* What this task involves
When the word "only" shows up in a line of the records below, copy that line.

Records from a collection
*** Block opens ***

lemma ball_potential_grad_orthogonal_invariant:
  assumes T: "orthogonal_transformation T" and Tx: "T (x - p) = x - p" and x: "x \<notin> cball p \<eta>"
  shows "T (ball_potential_grad \<tau> p \<eta> x) = ball_potential_grad \<tau> p \<eta> x"
proof -
  let ?G = "\<lambda>y. yukawa_kernel_grad \<tau> (x - y)"
  have lin: "linear T" by (rule orthogonal_transformation_linear[OF T])
  have shift: "T (x - y) = x - (p + T (y - p))" for y
  proof -
    have "T (x - y) = T ((x - p) - (y - p))" by simp
    also have "\<dots> = T (x - p) - T (y - p)" by (rule linear_diff[OF lin])
    finally show ?thesis using Tx by simp
  qed
  have "T (ball_potential_grad \<tau> p \<eta> x) = integral (ball p \<eta>) (\<lambda>y. T (?G y))"
    unfolding ball_potential_grad_def
    using integral_linear[OF integrable_yukawa_kernel_grad_on_ball[OF x] linear_conv_bounded_linear[THEN iffD1, OF lin]]
    by (simp add: o_def)
  also have "\<dots> = integral (ball p \<eta>) (\<lambda>y. ?G (p + T (y - p)))"
  proof (rule integral_cong)
    fix y
    have "?G (p + T (y - p)) = yukawa_kernel_grad \<tau> (T (x - y))" by (simp only: shift)
    then show "T (?G y) = ?G (p + T (y - p))"
      by (simp only: yukawa_kernel_grad_orthogonal_transformation[OF T])
  qed
  also have "\<dots> = integral (ball p \<eta>) ?G"
  proof (rule integral_ball_orthogonal_transformation[OF T])
    show "?G absolutely_integrable_on ball p \<eta>"
      by (rule absolutely_integrable_on_if_continuous_on_compact[where K="cball p \<eta>"])
         (auto intro: continuous_on_yukawa_kernel_grad_diff[OF x])
  qed
  finally show ?thesis by (simp add: ball_potential_grad_def)
qed

text \<open>Reflections in hyperplanes through p and x fix both the ball and x, so the gradient has no
  component orthogonal to x - p.\<close>
lemma ball_potential_grad_radial:
  assumes x: "x \<notin> cball p \<eta>"
  shows "ball_potential_grad \<tau> p \<eta> x = (ball_potential_grad \<tau> p \<eta> x \<bullet> sgn (x - p)) *\<^sub>R sgn (x - p)"
proof (cases "x = p")
  case True
  then have "ball p \<eta> = {}" using x by auto
  then show ?thesis unfolding ball_potential_grad_def by (simp only: integral_empty) simp
next
  case xp: False
  let ?G = "ball_potential_grad \<tau> p \<eta> x" and ?\<omega> = "sgn (x - p)"
  have perp: "?G \<bullet> n = 0" if n: "n \<bullet> (x - p) = 0" for n
  proof -
    let ?T = "\<lambda>h. h - (2 * (h \<bullet> n) / (n \<bullet> n)) *\<^sub>R n"
    have "?T (x - p) = x - p" using n by (simp add: inner_commute)
    then have "?T ?G = ?G"
      by (rule ball_potential_grad_orthogonal_invariant[OF orthogonal_transformation_reflection _ x])
    then have "(2 * (?G \<bullet> n) / (n \<bullet> n)) *\<^sub>R n = 0" by simp
    then show ?thesis by (cases "n = 0") auto
  qed
  define m where "m = ?G - (?G \<bullet> ?\<omega>) *\<^sub>R ?\<omega>"
  have \<omega>\<omega>: "?\<omega> \<bullet> ?\<omega> = 1" using xp by (simp add: norm_sgn flip: power2_norm_eq_inner)
  have m\<omega>: "m \<bullet> ?\<omega> = 0" by (simp add: m_def inner_diff_left \<omega>\<omega>)
  then have "m \<bullet> (x - p) = 0" using xp by (simp add: sgn_div_norm)
  then have "?G \<bullet> m = 0" using perp by (simp add: inner_commute)
  then have "m \<bullet> m = 0" using m\<omega> by (simp add: m_def inner_diff_left inner_commute)
  then show ?thesis by (simp add: m_def)
qed

lemma yukawa_kernel_grad_diff_radial_bounds:
  assumes x: "x \<notin> cball p \<eta>" and y: "y \<in> cball p \<eta>" and \<tau>: "\<tau> \<ge> 0"
  shows "yukawa_kernel_grad \<tau> (x - y) \<bullet> sgn (x - p) \<le> 0"
    and "- (\<tau> + 1 / (norm (x - p) - \<eta>)) * yukawa_kernel \<tau> (x - y)
           \<le> yukawa_kernel_grad \<tau> (x - y) \<bullet> sgn (x - p)"
proof -
  let ?\<omega> = "sgn (x - p)" and ?G = "yukawa_kernel_grad \<tau> (x - y)" and ?K = "yukawa_kernel \<tau> (x - y)"
  have gap: "norm (x - p) - \<eta> > 0" using x by (auto simp: dist_norm norm_minus_commute)
  have yp: "norm (y - p) \<le> \<eta>" using y by (simp add: dist_norm norm_minus_commute)
  have far: "norm (x - p) - \<eta> \<le> norm (x - y)"
    using norm_triangle_ineq[of "x - y" "y - p"] yp by simp
  then have pos: "norm (x - y) > 0" using gap by linarith
  have "(y - p) \<bullet> (x - p) \<le> norm (y - p) * norm (x - p)" by (rule norm_cauchy_schwarz)
  also have "\<dots> \<le> \<eta> * norm (x - p)" using yp by (simp add: mult_right_mono)
  finally have "norm (x - p) * (norm (x - p) - \<eta>) \<le> (x - p) \<bullet> (x - p) - (y - p) \<bullet> (x - p)"
    by (simp add: algebra_simps flip: power2_norm_eq_inner) (simp add: power2_eq_square)
  also have "\<dots> = (x - y) \<bullet> (x - p)" by (simp add: inner_diff_left)
  finally have "0 \<le> (x - y) \<bullet> (x - p)" using gap by (smt (verit) mult_nonneg_nonneg norm_ge_zero)
  then have "0 \<le> (x - y) \<bullet> ?\<omega>" by (simp add: sgn_div_norm)
  moreover have "- (\<tau> * norm (x - y)) - 1 \<le> 0"
    using \<tau> mult_nonneg_nonneg[OF \<tau> norm_ge_zero, of "x - y"] by linarith
  ultimately show "?G \<bullet> ?\<omega> \<le> 0"
    by (simp add: yukawa_kernel_grad_def) (intro divide_nonpos_nonneg mult_nonpos_nonneg; simp)
  have "\<bar>?G \<bullet> ?\<omega>\<bar> \<le> norm ?G * norm ?\<omega>" by (rule Cauchy_Schwarz_ineq2)
  also have "\<dots> \<le> norm ?G" by (simp add: norm_sgn)
  finally have "- norm ?G \<le> ?G \<bullet> ?\<omega>" by linarith
  moreover have "norm ?G = (\<tau> + 1 / norm (x - y)) * ?K"
    using pos \<tau> by (intro norm_yukawa_kernel_grad) auto
  moreover have "(\<tau> + 1 / norm (x - y)) * ?K \<le> (\<tau> + 1 / (norm (x - p) - \<eta>)) * ?K"
    using gap far pos yukawa_kernel_nonneg
    by (intro mult_right_mono add_left_mono divide_left_mono) auto
  ultimately show "- (\<tau> + 1 / (norm (x - p) - \<eta>)) * ?K \<le> ?G \<bullet> ?\<omega>" by linarith
qed

lemma ball_potential_grad_radial_bounds:
  assumes x: "x \<notin> cball p \<eta>" and \<tau>: "\<tau> \<ge> 0"
  shows "ball_potential_grad \<tau> p \<eta> x \<bullet> sgn (x - p) \<le> 0"
    and "- (\<tau> + 1 / (norm (x - p) - \<eta>)) * ball_potential \<tau> p \<eta> x
           \<le> ball_potential_grad \<tau> p \<eta> x \<bullet> sgn (x - p)"
proof -
  let ?\<omega> = "sgn (x - p)" and ?G = "\<lambda>y. yukawa_kernel_grad \<tau> (x - y)"
    and ?K = "\<lambda>y. yukawa_kernel \<tau> (x - y)" and ?M = "\<tau> + 1 / (norm (x - p) - \<eta>)"
  have iG: "(\<lambda>y. ?G y \<bullet> ?\<omega>) integrable_on ball p \<eta>"
    using integrable_linear[OF integrable_yukawa_kernel_grad_on_ball[OF x]
        bounded_linear_inner_left] by (simp add: o_def)
  have grad_eq: "ball_potential_grad \<tau> p \<eta> x \<bullet> ?\<omega> = integral (ball p \<eta>) (\<lambda>y. ?G y \<bullet> ?\<omega>)"
    using integral_linear[OF integrable_yukawa_kernel_grad_on_ball[OF x] bounded_linear_inner_left]
    by (simp add: o_def ball_potential_grad_def)
  note pointwise = yukawa_kernel_grad_diff_radial_bounds[OF x _ \<tau>]
  have "integral (ball p \<eta>) (\<lambda>y. ?G y \<bullet> ?\<omega>) \<le> integral (ball p \<eta>) (\<lambda>y. 0)"
    by (rule integral_le[OF iG integrable_0]) (use pointwise(1) in auto)
  then show "ball_potential_grad \<tau> p \<eta> x \<bullet> ?\<omega> \<le> 0" unfolding grad_eq by simp
  have "- ?M * ball_potential \<tau> p \<eta> x = integral (ball p \<eta>) (\<lambda>y. - ?M * ?K y)"
    by (simp add: ball_potential_def)
  also have "\<dots> \<le> ball_potential_grad \<tau> p \<eta> x \<bullet> ?\<omega>"
    unfolding grad_eq
    using pointwise(2) integrable_on_cmult_left[OF integrable_yukawa_kernel_on_ball[OF x], of "- ?M"]
    by (intro integral_le iG) auto
  finally show "- ?M * ball_potential \<tau> p \<eta> x \<le> ball_potential_grad \<tau> p \<eta> x \<bullet> ?\<omega>" .
qed

lemma ball_potential_lower:
  assumes x: "x \<notin> cball p \<eta>" and s: "0 < s" "s \<le> \<eta>" and \<tau>: "\<tau> \<ge> 0"
  shows "measure lebesgue (ball (0::real^3) 1) * s^3 *
     (exp (- \<tau> * (norm (x - p) - \<eta> + 2 * s)) / (norm (x - p) - \<eta> + 2 * s)) \<le> ball_potential \<tau> p \<eta> x"
proof -
  define n where "n = norm (x - p)"
  have xp: "n > \<eta>" using x by (auto simp: n_def dist_norm norm_minus_commute)
  define q where "q = p + ((\<eta> - s) / n) *\<^sub>R (x - p)"
  define N where "N = n - \<eta> + 2 * s"
  have "x \<noteq> p" using xp s by (auto simp: n_def)
  then have pq: "dist p q = \<eta> - s" using s by (simp add: q_def n_def dist_norm)
  have sub: "ball q s \<subseteq> ball p \<eta>" "cball q s \<subseteq> cball p \<eta>"
    using pq by (simp_all add: ball_subset_ball_iff cball_subset_cball_iff dist_commute)
  have xq: "norm (x - q) = n - \<eta> + s"
  proof -
    have "x - q = (1 - (\<eta> - s) / n) *\<^sub>R (x - p)" by (simp add: q_def algebra_simps)
    moreover have "0 \<le> 1 - (\<eta> - s) / n" using xp s by (simp add: field_simps)
    ultimately have "norm (x - q) = (1 - (\<eta> - s) / n) * n" by (simp add: n_def)
    also have "\<dots> = n - \<eta> + s" using xp s by (simp add: field_simps)
    finally show ?thesis .
  qed
  have pointwise: "exp (- \<tau> * N) / N \<le> yukawa_kernel \<tau> (x - y)" if y: "y \<in> ball q s" for y
  proof (rule yukawa_kernel_ge[OF _ _ \<tau>])
    show "0 < norm (x - y)" using x y sub by auto
    have "norm (x - y) \<le> norm (x - q) + norm (q - y)" using norm_triangle_ineq[of "x - q" "q - y"] by simp
    then show "norm (x - y) \<le> N" using xq y by (simp add: N_def dist_norm)
  qed
  have xq': "x \<notin> cball q s" using x sub by auto
  have i1: "(\<lambda>y. yukawa_kernel \<tau> (x - y)) integrable_on ball q s"
    by (rule integrable_yukawa_kernel_on_ball[OF xq'])
  have "measure lebesgue (ball (0::real^3) 1) * s^3 * (exp (- \<tau> * N) / N)
      = integral (ball q s) (\<lambda>y. exp (- \<tau> * N) / N)"
    using content_ball_conv_unit_ball[of s q] s by (simp add: integral_const_lmeasurable)
  also have "\<dots> \<le> integral (ball q s) (\<lambda>y. yukawa_kernel \<tau> (x - y))"
    by (rule integral_le) (use i1 pointwise in \<open>auto intro: integrable_on_const\<close>)
  also have "\<dots> \<le> ball_potential \<tau> p \<eta> x"
    unfolding ball_potential_def
    by (rule integral_subset_le[OF sub(1) i1 integrable_yukawa_kernel_on_ball[OF x]])
       (simp add: yukawa_kernel_nonneg)
  finally show ?thesis by (simp add: N_def n_def)
qed

lemma ball_potential_lower_exp:
  assumes x: "x \<notin> cball p \<eta>" and \<tau>: "\<tau> > 0" "1 / \<tau> \<le> \<eta>" and R: "norm (x - p) + \<eta> \<le> R"
  shows "measure lebesgue (ball (0::real^3) 1) * exp (-2) / (R * \<tau>^3) * exp (- \<tau> * (norm (x - p) - \<eta>))
    \<le> ball_potential \<tau> p \<eta> x"
proof -
  define V where "V = measure lebesgue (ball (0::real^3) 1)"
  define N where "N = norm (x - p) - \<eta> + 2 / \<tau>"
  have gap: "norm (x - p) - \<eta> > 0" using x by (auto simp: dist_norm norm_minus_commute)
  have "0 < 2 / \<tau>" "2 / \<tau> \<le> 2 * \<eta>" using \<tau> by auto
  then have N: "0 < N" "N \<le> R" using gap R unfolding N_def by linarith+
  define E where "E = exp (-2) * exp (- \<tau> * (norm (x - p) - \<eta>))"
  have "exp (- \<tau> * N) = E"
    using \<tau> by (simp add: N_def E_def algebra_simps flip: exp_add)
  have "V / \<tau>^3 * (E / R) \<le> V / \<tau>^3 * (E / N)"
    using N \<tau> by (intro mult_left_mono divide_left_mono) (auto simp: E_def V_def)
  then have "V * exp (-2) / (R * \<tau>^3) * exp (- \<tau> * (norm (x - p) - \<eta>))
      \<le> V * (1 / \<tau>)^3 * (exp (- \<tau> * N) / N)"
    unfolding \<open>exp (- \<tau> * N) = E\<close> by (simp add: E_def power_one_over field_simps)
  also have "\<dots> \<le> ball_potential \<tau> p \<eta> x"
    unfolding V_def N_def using ball_potential_lower[OF x _ \<tau>(2), of \<tau>] \<tau>(1) by simp
  finally show ?thesis by (simp add: V_def)
qed

lemma ball_potential_grad_radial_lower:
  assumes x: "x \<notin> cball p \<eta>" and \<tau>: "\<tau> \<ge> 0" and d: "0 < d" "d \<le> norm (x - p) - \<eta>"
  shows "- ((\<tau> + 1 / d) * ball_potential \<tau> p \<eta> x) \<le> ball_potential_grad \<tau> p \<eta> x \<bullet> sgn (x - p)"
proof -
  have "(\<tau> + 1 / (norm (x - p) - \<eta>)) * ball_potential \<tau> p \<eta> x \<le> (\<tau> + 1 / d) * ball_potential \<tau> p \<eta> x"
    using d x by (intro mult_right_mono add_left_mono divide_left_mono ball_potential_nonneg) auto
  then show ?thesis using ball_potential_grad_radial_bounds(2)[OF x \<tau>] by linarith
qed

lemma inner_gt_neg_norm_mult_if_notin_segment:
  fixes x p p' :: "'a::euclidean_space"
  assumes "x \<notin> closed_segment p p'"
  shows "(x - p) \<bullet> (x - p') > - (norm (x - p) * norm (x - p'))"
proof (rule ccontr)
  assume neg: "\<not> ?thesis"
  have "(norm ((x - p') - (x - p)))\<^sup>2 = (norm (x - p))\<^sup>2 + (norm (x - p'))\<^sup>2 - 2 * ((x - p) \<bullet> (x - p'))"
    unfolding power2_norm_eq_inner by (simp add: inner_diff_left inner_diff_right inner_commute)
  then have "(norm (x - p) + norm (x - p'))\<^sup>2 \<le> (norm ((x - p') - (x - p)))\<^sup>2"
    using neg by (simp add: power2_sum)
  then have "norm (x - p) + norm (x - p') \<le> norm ((x - p') - (x - p))"
    by (rule power2_le_imp_le) simp
  then have "dist p x + dist x p' \<le> dist p p'" by (simp add: dist_norm norm_minus_commute)
  then have "dist p p' = dist p x + dist x p'" using dist_triangle[of p p' x] by linarith
  then show False using assms between between_mem_segment by blast
qed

*** Block closes ***

* Response to this task
    have "?G (p + T (y - p)) = yukawa_kernel_grad \<tau> (T (x - y))" by (simp only: shift)
      by (simp only: yukawa_kernel_grad_orthogonal_transformation[OF T])
  then show ?thesis unfolding ball_potential_grad_def by (simp only: integral_empty) simp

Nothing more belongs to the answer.